**YOUR OBJECTIVE:** Using the records below, copy out exactly the line that contains "unfolding Pshift.simps" and every line that follows it, up to and including the last, and no others.

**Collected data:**
BEGIN
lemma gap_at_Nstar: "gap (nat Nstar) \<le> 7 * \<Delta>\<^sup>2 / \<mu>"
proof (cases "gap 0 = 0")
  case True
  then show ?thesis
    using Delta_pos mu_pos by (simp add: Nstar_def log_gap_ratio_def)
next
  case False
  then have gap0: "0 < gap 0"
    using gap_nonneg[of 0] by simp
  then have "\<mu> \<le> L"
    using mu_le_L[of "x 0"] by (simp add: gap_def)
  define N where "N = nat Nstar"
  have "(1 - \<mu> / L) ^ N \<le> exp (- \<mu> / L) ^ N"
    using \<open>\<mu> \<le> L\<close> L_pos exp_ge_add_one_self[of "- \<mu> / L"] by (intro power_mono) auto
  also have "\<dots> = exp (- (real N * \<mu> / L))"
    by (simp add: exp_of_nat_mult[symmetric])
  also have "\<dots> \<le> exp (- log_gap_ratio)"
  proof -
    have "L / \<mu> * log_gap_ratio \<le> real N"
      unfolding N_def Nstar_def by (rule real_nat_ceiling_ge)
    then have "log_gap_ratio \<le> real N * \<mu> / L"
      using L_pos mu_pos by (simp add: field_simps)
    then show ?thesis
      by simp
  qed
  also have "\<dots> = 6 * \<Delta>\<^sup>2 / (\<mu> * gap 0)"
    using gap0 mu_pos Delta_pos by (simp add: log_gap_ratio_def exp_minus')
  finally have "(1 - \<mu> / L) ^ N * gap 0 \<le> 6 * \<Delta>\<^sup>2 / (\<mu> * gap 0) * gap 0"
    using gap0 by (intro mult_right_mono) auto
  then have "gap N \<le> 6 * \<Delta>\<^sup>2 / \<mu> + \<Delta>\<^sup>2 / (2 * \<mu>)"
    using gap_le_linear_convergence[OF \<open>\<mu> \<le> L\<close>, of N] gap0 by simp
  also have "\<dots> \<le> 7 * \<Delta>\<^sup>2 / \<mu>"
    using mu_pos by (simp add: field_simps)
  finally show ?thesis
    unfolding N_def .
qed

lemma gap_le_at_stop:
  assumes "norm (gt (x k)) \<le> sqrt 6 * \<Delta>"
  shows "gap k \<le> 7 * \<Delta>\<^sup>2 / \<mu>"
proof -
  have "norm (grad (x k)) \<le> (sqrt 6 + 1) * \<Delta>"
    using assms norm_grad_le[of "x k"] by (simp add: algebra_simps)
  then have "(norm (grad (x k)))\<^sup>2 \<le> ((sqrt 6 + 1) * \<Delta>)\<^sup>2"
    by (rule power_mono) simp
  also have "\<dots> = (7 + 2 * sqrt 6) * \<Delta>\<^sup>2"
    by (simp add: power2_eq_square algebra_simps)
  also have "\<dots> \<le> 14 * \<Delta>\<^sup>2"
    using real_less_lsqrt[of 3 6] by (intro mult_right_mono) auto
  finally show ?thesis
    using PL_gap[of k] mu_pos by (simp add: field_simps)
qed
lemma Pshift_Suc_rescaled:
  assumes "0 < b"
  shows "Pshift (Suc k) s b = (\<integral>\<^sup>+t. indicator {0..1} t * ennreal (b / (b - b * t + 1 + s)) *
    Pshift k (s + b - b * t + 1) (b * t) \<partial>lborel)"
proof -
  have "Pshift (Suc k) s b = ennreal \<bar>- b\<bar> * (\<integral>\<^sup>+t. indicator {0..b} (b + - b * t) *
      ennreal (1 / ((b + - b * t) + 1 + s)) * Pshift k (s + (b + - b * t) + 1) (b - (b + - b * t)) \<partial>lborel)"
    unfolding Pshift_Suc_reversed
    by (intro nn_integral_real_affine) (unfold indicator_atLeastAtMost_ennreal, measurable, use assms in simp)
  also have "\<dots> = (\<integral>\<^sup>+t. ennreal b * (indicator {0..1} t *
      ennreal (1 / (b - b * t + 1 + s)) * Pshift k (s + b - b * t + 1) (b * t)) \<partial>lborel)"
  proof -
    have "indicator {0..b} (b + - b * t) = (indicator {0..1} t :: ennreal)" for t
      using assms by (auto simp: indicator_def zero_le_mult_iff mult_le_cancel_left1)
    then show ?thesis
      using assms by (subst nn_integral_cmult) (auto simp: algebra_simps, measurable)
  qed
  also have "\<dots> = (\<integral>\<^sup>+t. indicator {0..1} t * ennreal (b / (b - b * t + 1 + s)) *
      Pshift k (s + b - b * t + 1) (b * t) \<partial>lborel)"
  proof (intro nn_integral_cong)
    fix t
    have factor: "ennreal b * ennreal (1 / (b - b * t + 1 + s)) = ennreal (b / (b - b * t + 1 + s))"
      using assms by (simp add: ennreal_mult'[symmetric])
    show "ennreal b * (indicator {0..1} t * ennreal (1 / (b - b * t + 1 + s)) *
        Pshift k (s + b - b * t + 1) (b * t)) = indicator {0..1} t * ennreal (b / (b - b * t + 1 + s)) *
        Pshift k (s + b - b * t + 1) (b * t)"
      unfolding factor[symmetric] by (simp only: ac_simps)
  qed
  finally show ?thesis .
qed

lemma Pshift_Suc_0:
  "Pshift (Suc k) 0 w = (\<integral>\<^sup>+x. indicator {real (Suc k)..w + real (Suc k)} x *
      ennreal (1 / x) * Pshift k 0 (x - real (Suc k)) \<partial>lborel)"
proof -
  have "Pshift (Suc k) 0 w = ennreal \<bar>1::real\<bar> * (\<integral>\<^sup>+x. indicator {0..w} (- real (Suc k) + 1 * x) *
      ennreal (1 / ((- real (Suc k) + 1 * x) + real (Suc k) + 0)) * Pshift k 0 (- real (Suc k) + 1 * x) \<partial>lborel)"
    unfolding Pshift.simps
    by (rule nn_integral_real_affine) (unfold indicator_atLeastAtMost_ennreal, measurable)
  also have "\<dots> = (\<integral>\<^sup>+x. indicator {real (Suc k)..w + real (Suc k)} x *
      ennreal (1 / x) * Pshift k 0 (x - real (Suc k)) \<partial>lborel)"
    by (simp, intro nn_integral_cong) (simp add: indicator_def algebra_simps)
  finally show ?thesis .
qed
END
**OUTPUT OF THE TASK:**
    unfolding Pshift.simps
    by (rule nn_integral_real_affine) (unfold indicator_atLeastAtMost_ennreal, measurable)
  also have "\<dots> = (\<integral>\<^sup>+x. indicator {real (Suc k)..w + real (Suc k)} x *
      ennreal (1 / x) * Pshift k 0 (x - real (Suc k)) \<partial>lborel)"
    by (simp, intro nn_integral_cong) (simp add: indicator_def algebra_simps)
  finally show ?thesis .
qed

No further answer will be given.